Task description:
Which lines of the listing below contain the word "then"? Return them.

====================

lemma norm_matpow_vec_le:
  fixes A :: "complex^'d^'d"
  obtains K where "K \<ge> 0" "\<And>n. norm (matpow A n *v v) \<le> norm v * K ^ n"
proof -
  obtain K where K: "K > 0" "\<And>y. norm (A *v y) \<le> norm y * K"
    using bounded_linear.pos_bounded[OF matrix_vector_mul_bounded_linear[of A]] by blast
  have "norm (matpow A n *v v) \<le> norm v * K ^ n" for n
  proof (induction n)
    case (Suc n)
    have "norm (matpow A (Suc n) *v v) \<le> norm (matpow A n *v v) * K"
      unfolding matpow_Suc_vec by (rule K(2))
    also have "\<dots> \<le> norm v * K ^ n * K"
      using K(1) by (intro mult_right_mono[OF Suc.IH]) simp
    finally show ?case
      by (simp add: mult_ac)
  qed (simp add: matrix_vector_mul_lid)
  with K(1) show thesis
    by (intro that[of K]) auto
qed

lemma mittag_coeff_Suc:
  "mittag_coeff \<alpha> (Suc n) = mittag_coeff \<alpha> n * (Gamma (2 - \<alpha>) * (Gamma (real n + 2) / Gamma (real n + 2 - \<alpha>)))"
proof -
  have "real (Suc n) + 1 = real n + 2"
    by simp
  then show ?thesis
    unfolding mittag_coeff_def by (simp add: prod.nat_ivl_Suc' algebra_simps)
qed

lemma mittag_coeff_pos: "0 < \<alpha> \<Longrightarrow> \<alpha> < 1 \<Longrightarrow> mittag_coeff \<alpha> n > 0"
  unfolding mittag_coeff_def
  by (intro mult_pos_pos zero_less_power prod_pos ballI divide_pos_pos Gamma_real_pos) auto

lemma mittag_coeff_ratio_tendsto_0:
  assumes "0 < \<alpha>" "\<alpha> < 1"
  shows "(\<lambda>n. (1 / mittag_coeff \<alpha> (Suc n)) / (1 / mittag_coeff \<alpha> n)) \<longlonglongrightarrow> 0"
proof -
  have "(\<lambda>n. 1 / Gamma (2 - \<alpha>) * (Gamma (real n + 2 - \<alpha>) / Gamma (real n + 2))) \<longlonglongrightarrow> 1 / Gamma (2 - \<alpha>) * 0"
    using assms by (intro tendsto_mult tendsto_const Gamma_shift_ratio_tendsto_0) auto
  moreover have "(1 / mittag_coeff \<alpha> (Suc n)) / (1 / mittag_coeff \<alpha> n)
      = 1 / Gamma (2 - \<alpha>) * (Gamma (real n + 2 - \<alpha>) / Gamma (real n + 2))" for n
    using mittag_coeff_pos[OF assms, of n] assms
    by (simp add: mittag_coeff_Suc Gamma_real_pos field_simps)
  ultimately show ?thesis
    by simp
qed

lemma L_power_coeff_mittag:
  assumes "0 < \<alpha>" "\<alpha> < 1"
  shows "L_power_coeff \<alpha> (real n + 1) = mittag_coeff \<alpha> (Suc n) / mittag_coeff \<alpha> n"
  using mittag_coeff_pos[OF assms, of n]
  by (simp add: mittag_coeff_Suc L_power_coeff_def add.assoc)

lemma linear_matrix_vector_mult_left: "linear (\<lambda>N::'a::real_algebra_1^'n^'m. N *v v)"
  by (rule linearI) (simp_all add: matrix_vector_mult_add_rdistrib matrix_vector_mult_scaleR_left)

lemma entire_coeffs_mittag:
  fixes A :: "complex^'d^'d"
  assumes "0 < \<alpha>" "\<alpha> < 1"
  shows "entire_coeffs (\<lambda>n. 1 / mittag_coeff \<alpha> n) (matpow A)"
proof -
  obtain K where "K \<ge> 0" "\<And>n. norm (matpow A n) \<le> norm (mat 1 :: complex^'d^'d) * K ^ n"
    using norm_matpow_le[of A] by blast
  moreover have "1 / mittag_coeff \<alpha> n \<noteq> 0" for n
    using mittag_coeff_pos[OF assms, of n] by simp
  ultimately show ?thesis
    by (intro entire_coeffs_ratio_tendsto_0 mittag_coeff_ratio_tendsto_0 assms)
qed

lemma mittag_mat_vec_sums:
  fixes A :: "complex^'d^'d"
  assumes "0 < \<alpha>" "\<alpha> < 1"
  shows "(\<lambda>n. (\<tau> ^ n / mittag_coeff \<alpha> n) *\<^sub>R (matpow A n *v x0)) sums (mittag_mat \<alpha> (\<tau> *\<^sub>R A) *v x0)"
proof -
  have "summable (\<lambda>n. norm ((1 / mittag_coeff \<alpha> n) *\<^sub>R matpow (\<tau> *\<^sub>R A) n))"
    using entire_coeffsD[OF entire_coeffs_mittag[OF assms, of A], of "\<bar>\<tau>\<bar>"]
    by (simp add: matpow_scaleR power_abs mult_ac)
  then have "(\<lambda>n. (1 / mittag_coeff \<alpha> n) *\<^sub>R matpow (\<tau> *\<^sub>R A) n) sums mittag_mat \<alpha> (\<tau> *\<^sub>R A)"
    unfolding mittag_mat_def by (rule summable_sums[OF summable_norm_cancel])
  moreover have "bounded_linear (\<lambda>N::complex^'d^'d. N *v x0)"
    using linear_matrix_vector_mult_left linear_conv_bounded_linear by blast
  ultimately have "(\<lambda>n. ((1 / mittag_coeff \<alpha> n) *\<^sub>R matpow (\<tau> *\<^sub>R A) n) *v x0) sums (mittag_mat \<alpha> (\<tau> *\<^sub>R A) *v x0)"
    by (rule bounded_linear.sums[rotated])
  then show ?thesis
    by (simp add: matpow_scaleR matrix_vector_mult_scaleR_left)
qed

====================

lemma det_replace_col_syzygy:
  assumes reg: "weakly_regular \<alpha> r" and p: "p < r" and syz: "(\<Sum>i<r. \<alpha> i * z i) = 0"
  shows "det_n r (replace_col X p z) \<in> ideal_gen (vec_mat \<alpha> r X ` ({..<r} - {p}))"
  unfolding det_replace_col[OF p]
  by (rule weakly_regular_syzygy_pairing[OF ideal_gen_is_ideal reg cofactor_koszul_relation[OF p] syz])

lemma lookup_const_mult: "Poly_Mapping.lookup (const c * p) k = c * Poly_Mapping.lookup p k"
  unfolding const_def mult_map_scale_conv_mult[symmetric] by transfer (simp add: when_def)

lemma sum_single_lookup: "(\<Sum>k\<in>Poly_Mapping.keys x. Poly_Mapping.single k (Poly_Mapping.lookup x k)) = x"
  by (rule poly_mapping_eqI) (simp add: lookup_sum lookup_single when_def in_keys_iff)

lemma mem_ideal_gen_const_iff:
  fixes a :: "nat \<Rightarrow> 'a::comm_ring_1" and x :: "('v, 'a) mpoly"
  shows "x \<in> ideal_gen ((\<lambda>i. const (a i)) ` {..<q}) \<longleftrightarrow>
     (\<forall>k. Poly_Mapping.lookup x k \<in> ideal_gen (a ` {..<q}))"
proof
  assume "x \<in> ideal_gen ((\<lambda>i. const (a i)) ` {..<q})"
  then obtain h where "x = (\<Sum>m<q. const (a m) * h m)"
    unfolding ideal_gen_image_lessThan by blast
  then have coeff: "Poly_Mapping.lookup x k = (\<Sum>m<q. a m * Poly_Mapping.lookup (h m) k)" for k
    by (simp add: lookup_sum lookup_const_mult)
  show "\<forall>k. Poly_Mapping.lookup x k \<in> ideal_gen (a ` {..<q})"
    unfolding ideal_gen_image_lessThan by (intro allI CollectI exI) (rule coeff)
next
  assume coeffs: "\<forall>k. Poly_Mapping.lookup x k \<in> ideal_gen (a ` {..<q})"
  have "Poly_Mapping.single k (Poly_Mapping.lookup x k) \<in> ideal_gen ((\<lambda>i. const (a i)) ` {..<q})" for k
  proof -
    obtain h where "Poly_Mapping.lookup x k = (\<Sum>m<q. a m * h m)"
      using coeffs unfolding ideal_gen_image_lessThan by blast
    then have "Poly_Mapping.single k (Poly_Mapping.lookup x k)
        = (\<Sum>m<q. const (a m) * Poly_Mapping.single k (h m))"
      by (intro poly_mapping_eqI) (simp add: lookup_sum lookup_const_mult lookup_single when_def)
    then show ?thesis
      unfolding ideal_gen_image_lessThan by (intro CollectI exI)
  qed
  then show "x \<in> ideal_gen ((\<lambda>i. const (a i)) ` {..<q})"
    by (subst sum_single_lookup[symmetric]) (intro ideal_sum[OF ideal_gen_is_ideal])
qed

====================

Finished exercise:
  then show ?thesis
  then have "(\<lambda>n. (1 / mittag_coeff \<alpha> n) *\<^sub>R matpow (\<tau> *\<^sub>R A) n) sums mittag_mat \<alpha> (\<tau> *\<^sub>R A)"
  then show ?thesis
  then obtain h where "x = (\<Sum>m<q. const (a m) * h m)"
  then have coeff: "Poly_Mapping.lookup x k = (\<Sum>m<q. a m * Poly_Mapping.lookup (h m) k)" for k
    then have "Poly_Mapping.single k (Poly_Mapping.lookup x k)
    then show ?thesis
  then show "x \<in> ideal_gen ((\<lambda>i. const (a i)) ` {..<q})"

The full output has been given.